__EXERCISE BRIEF__. The data below holds a line containing "unfolding ones_children_def children_def" and a line containing "[y] @ replicate"; please quote exactly those two lines and every line between them, and nothing else.

[Stored data entries]
━━━━━━━━━━━━━━━━

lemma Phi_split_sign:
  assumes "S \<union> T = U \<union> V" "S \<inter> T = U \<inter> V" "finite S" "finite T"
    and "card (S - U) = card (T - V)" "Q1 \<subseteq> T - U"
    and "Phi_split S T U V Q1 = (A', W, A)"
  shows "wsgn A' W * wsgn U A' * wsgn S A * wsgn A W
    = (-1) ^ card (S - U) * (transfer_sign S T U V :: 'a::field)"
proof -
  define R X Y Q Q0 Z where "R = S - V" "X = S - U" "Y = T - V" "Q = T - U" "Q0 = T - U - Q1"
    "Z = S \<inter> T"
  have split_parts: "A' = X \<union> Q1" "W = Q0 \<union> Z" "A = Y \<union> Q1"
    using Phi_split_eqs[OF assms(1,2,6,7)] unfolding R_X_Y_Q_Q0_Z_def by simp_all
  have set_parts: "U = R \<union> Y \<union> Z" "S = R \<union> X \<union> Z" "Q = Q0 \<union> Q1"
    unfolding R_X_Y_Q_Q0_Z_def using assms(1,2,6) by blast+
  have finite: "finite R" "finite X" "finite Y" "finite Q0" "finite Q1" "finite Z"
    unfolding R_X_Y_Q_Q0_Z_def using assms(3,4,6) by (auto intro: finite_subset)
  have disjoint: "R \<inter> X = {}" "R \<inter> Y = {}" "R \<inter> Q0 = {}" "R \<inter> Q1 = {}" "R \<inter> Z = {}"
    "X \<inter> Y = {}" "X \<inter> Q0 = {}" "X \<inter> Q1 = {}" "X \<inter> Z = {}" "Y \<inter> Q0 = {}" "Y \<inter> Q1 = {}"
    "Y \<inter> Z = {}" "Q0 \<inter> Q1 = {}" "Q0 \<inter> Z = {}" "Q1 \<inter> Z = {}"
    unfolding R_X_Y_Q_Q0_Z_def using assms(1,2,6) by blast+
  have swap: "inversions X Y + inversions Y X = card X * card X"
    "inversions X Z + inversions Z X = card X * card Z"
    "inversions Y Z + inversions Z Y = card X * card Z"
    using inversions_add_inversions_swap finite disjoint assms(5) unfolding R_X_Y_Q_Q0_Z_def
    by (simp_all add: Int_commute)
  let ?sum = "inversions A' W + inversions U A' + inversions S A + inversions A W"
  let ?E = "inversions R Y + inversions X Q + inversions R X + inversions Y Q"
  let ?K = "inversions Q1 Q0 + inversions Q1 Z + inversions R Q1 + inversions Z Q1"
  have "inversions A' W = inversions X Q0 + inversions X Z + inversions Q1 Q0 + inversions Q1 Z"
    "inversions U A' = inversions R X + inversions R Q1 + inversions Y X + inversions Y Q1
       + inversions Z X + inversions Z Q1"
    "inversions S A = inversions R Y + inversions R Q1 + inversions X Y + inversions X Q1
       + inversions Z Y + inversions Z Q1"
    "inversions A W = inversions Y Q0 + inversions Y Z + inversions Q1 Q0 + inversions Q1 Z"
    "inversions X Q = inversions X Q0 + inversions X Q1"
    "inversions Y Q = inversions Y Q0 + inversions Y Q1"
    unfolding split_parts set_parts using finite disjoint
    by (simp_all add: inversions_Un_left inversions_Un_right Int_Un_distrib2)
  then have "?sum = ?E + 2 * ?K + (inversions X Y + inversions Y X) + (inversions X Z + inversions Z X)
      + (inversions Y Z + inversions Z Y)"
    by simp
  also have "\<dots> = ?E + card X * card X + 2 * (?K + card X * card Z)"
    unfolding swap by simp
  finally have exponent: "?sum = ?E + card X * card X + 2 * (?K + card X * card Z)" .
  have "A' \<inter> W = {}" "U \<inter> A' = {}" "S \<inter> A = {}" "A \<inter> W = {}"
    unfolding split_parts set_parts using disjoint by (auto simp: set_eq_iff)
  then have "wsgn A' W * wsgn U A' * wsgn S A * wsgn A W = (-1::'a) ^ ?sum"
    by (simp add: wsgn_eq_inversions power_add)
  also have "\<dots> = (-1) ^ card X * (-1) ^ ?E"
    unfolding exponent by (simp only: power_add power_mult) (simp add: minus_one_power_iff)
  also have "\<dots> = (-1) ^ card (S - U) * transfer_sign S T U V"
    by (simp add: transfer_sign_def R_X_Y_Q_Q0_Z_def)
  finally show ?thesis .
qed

━━━━━━━━━━━━━━━━

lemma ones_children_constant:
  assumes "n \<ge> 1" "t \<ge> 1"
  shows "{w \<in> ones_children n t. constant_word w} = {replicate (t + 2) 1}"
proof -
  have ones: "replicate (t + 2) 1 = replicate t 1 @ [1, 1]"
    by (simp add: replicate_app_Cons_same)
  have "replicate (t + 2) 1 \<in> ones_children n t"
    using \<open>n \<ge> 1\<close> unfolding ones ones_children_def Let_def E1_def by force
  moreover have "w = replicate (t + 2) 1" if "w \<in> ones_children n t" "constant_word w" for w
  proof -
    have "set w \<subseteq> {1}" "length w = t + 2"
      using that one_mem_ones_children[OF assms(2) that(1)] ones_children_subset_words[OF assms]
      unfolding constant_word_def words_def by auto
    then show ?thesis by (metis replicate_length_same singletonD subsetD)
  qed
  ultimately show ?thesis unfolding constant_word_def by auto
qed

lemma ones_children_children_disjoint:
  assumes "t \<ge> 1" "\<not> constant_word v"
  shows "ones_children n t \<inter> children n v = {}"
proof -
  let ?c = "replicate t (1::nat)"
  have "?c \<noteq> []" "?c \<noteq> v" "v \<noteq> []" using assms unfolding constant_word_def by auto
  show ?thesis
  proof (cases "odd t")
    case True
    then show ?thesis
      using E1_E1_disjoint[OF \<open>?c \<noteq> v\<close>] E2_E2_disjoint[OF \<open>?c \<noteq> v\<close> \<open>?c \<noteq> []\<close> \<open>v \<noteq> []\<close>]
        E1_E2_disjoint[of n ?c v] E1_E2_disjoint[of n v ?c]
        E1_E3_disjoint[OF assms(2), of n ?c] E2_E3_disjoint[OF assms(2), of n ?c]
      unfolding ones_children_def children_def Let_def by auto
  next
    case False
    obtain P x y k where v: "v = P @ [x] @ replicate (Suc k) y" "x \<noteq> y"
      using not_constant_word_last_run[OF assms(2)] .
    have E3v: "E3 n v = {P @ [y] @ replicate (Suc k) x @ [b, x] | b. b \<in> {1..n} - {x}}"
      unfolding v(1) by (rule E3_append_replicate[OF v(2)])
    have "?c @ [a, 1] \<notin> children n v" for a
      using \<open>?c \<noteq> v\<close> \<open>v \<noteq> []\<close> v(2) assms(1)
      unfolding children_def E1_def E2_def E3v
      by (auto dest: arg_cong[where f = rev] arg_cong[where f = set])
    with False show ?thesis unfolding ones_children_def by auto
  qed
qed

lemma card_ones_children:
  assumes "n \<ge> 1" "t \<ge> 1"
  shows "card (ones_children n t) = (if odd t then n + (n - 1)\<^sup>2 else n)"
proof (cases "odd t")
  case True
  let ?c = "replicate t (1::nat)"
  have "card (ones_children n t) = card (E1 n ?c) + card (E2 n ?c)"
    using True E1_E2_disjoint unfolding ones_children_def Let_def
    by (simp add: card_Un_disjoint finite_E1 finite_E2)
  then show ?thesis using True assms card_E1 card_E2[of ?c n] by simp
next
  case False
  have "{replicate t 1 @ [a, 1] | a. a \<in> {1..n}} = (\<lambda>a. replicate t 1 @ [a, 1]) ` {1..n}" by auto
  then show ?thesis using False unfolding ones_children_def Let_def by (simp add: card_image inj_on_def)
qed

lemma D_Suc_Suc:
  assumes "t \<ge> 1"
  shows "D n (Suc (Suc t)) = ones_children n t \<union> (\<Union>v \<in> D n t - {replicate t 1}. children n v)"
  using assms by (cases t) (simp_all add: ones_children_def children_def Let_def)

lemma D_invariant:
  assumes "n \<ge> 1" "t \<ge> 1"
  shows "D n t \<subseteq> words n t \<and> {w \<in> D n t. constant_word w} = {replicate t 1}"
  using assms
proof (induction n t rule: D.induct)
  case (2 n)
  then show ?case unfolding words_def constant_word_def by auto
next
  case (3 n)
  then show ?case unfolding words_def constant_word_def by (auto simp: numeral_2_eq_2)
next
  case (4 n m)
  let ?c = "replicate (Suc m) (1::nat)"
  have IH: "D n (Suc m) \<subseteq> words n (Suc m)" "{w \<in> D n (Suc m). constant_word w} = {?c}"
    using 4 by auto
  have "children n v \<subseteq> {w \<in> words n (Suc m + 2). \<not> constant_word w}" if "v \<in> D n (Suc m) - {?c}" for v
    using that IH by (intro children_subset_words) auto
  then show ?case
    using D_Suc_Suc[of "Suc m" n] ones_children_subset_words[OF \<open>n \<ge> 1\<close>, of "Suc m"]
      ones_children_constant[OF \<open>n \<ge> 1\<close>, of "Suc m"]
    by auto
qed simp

━━━━━━━━━━━━━━━━

__EXERCISE RESPONSE__.
      unfolding ones_children_def children_def Let_def by auto
  next
    case False
    obtain P x y k where v: "v = P @ [x] @ replicate (Suc k) y" "x \<noteq> y"
      using not_constant_word_last_run[OF assms(2)] .
    have E3v: "E3 n v = {P @ [y] @ replicate (Suc k) x @ [b, x] | b. b \<in> {1..n} - {x}}"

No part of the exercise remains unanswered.